> [Task goal]
Reproduce each line from the records that holds "proof".

*** Provided records

section \<open>Ring homomorphisms and dual numbers\<close>

locale comm_ring_hom =
  fixes hom :: "'a::comm_ring_1 \<Rightarrow> 'b::comm_ring_1"
  assumes hom_add: "hom (x + y) = hom x + hom y"
    and hom_mult: "hom (x * y) = hom x * hom y"
    and hom_one: "hom 1 = 1"
begin

lemma hom_zero: "hom 0 = 0"
  using hom_add[of 0 0] by simp

lemma hom_uminus: "hom (- x) = - hom x"
  using hom_add[of "- x" x] by (simp add: hom_zero eq_neg_iff_add_eq_0)

lemma hom_diff: "hom (x - y) = hom x - hom y"
  using hom_add[of x "- y"] by (simp add: hom_uminus)

lemma hom_power: "hom (x ^ n) = hom x ^ n"
  by (induction n) (simp_all add: hom_one hom_mult)

lemma hom_sum: "hom (\<Sum>i\<in>A. f i) = (\<Sum>i\<in>A. hom (f i))"
  by (induction A rule: infinite_finite_induct) (simp_all add: hom_zero hom_add)

lemma hom_prod: "hom (\<Prod>i\<in>A. f i) = (\<Prod>i\<in>A. hom (f i))"
  by (induction A rule: infinite_finite_induct) (simp_all add: hom_one hom_mult)

end

text \<open>\<^term>\<open>Dual2 a b c\<close> stands for \<open>a + b u + c v\<close> in \<open>R[u, v] / (u, v)\<^sup>2\<close>.\<close>

datatype 'a dual2 = Dual2 'a 'a 'a

instantiation dual2 :: (comm_ring_1) comm_ring_1
begin

fun plus_dual2 :: "'a dual2 \<Rightarrow> 'a dual2 \<Rightarrow> 'a dual2" where
  "Dual2 a b c + Dual2 a' b' c' = Dual2 (a + a') (b + b') (c + c')"

fun minus_dual2 :: "'a dual2 \<Rightarrow> 'a dual2 \<Rightarrow> 'a dual2" where
  "Dual2 a b c - Dual2 a' b' c' = Dual2 (a - a') (b - b') (c - c')"

fun uminus_dual2 :: "'a dual2 \<Rightarrow> 'a dual2" where
  "- Dual2 a b c = Dual2 (- a) (- b) (- c)"

fun times_dual2 :: "'a dual2 \<Rightarrow> 'a dual2 \<Rightarrow> 'a dual2" where
  "Dual2 a b c * Dual2 a' b' c' = Dual2 (a * a') (a * b' + b * a') (a * c' + c * a')"

definition zero_dual2 :: "'a dual2" where
  "0 = Dual2 0 0 0"

definition one_dual2 :: "'a dual2" where
  "1 = Dual2 1 0 0"

instance
proof
  fix a b c :: "'a dual2"
  show "a * b * c = a * (b * c)" by (cases a; cases b; cases c) (simp add: algebra_simps)
  show "a * b = b * a" by (cases a; cases b) (simp add: algebra_simps)
  show "1 * a = a" by (cases a) (simp add: one_dual2_def)
  show "(a + b) * c = a * c + b * c" by (cases a; cases b; cases c) (simp add: algebra_simps)
  show "a + b + c = a + (b + c)" by (cases a; cases b; cases c) (simp add: algebra_simps)
  show "a + b = b + a" by (cases a; cases b) (simp add: algebra_simps)
  show "0 + a = a" by (cases a) (simp add: zero_dual2_def)
  show "- a + a = 0" by (cases a) (simp add: zero_dual2_def)
  show "a - b = a + - b" by (cases a; cases b) simp
  show "(0 :: 'a dual2) \<noteq> 1" by (simp add: zero_dual2_def one_dual2_def)
qed

end

fun dual2_eval :: "('a \<Rightarrow> 'b::comm_ring_1) \<Rightarrow> 'b \<Rightarrow> 'b \<Rightarrow> 'a dual2 \<Rightarrow> 'b" where
  "dual2_eval \<phi> u v (Dual2 a b c) = \<phi> a + \<phi> b * u + \<phi> c * v"

lemma comm_ring_hom_dual2_eval:
  assumes "comm_ring_hom \<phi>" and uv: "u * u = 0" "u * v = 0" "v * v = 0"
  shows "comm_ring_hom (dual2_eval \<phi> u v)"
proof -
  interpret comm_ring_hom \<phi> by fact
  show ?thesis
  proof
    fix x y :: "'a dual2"
    show "dual2_eval \<phi> u v (x + y) = dual2_eval \<phi> u v x + dual2_eval \<phi> u v y"
      by (cases x; cases y) (simp add: hom_add algebra_simps)
    have vu: "v * u = 0"
      using uv(2) by (simp add: mult.commute)
    show "dual2_eval \<phi> u v (x * y) = dual2_eval \<phi> u v x * dual2_eval \<phi> u v y"
    proof (cases x; cases y)
      fix a b c a' b' c' assume xy: "x = Dual2 a b c" "y = Dual2 a' b' c'"
      have "dual2_eval \<phi> u v x * dual2_eval \<phi> u v y =
         \<phi> a * \<phi> a' + (\<phi> a * \<phi> b' + \<phi> b * \<phi> a') * u + (\<phi> a * \<phi> c' + \<phi> c * \<phi> a') * v
         + \<phi> b * \<phi> b' * (u * u) + (\<phi> b * \<phi> c' + \<phi> c * \<phi> b') * (u * v) + \<phi> c * \<phi> c' * (v * v)"
        unfolding xy by (simp add: vu algebra_simps)
      then show ?thesis
        unfolding xy using uv by (simp add: hom_add hom_mult)
    qed
  qed (simp add: one_dual2_def hom_one hom_zero)
qed
(* Let $\hbar\in\mathbb C\setminus\{0\}$, $p=2\hbar$, $0\le\ell\le n$. For generic $z=(z_1,\dots,z_n)$, the functions $W_M(\cdot\,;z)$, $M\subset\{1,\dots,n\}$, $\#M=\ell$, form a basis of $\overline{\mathcal F}_q^{\wedge\ell}(z)$.
   Context: A point $z$ is generic if $z_k-z_m+\hbar\notin p\mathbb Z$ for $k\ne m$ (equivalently, since $p=2\hbar$, $\prod_{k<m}(e^{2\pi iz_k/p}+e^{2\pi iz_m/p})\ne0$). For $f(t_1,\dots,t_\ell)$, $\mathrm{Asym}\,f=\sum_{\sigma\in S_\ell}\mathrm{sgn}(\sigma)f(t_{\sigma_1},\dots,t_{\sigma_\ell})$. With $E(t)=e^{2\pi it/p}$ and $M=\{m_1<\dots<m_\ell\}$: $G_M(t)=\prod_{a=1}^\ell\Big(\frac{1}{E(t_a-z_{m_a})-1}\prod_{1\le j<m_a}\frac{E(t_a-z_j)+1}{E(t_a-z_j)-1}\Big)$, $W_M=\mathrm{Asym}\,G_M$. $\overline{\mathcal F}_q^{\wedge\ell}(z)$ is the space of functions $F(t_1,\dots,t_\ell)$ such that $F\prod_{m=1}^n\prod_{a=1}^\ell(1-E(t_a-z_m))$ is an antisymmetric polynomial in $E(t_1),\dots,E(t_\ell)$ of degree less than $n$ in each variable. *)

theory Defs
  imports "HOL-Analysis.Analysis" "HOL-Combinatorics.Permutations"
begin

text \<open>Variables t_1..t_l and z_1..z_n are encoded as functions nat => complex,
  using the indices 1..l resp. 1..n. The parameter hb is hbar, p = 2 hbar.\<close>

definition Efun :: "complex \<Rightarrow> complex \<Rightarrow> complex" where
  "Efun hb x = exp (2 * of_real pi * \<i> * x / (2 * hb))"

definition generic :: "complex \<Rightarrow> nat \<Rightarrow> (nat \<Rightarrow> complex) \<Rightarrow> bool" where
  "generic hb n z \<longleftrightarrow>
     (\<forall>k\<in>{1..n}. \<forall>m\<in>{1..n}. k \<noteq> m \<longrightarrow>
        \<not> (\<exists>j::int. z k - z m + hb = of_int j * (2 * hb)))"

definition Asym :: "nat \<Rightarrow> ((nat \<Rightarrow> complex) \<Rightarrow> complex) \<Rightarrow> (nat \<Rightarrow> complex) \<Rightarrow> complex" where
  "Asym l f t = (\<Sum>\<sigma> | \<sigma> permutes {1..l}. of_int (sign \<sigma>) * f (t \<circ> \<sigma>))"

definition melem :: "nat set \<Rightarrow> nat \<Rightarrow> nat" where
  "melem M a = sorted_list_of_set M ! (a - 1)"

definition G_fun :: "complex \<Rightarrow> nat \<Rightarrow> (nat \<Rightarrow> complex) \<Rightarrow> nat set \<Rightarrow> (nat \<Rightarrow> complex) \<Rightarrow> complex" where
  "G_fun hb l z M t = (\<Prod>a\<in>{1..l}.
      (1 / (Efun hb (t a - z (melem M a)) - 1)) *
      (\<Prod>j\<in>{1..<melem M a}. (Efun hb (t a - z j) + 1) / (Efun hb (t a - z j) - 1)))"

definition W_fun :: "complex \<Rightarrow> nat \<Rightarrow> (nat \<Rightarrow> complex) \<Rightarrow> nat set \<Rightarrow> (nat \<Rightarrow> complex) \<Rightarrow> complex" where
  "W_fun hb l z M = Asym l (G_fun hb l z M)"

definition regular_pts :: "complex \<Rightarrow> nat \<Rightarrow> nat \<Rightarrow> (nat \<Rightarrow> complex) \<Rightarrow> (nat \<Rightarrow> complex) set" where
  "regular_pts hb n l z = {t. \<forall>a\<in>{1..l}. \<forall>m\<in>{1..n}. Efun hb (t a - z m) \<noteq> 1}"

******

> [Answer box]
proof
proof -
  proof
    proof (cases x; cases y)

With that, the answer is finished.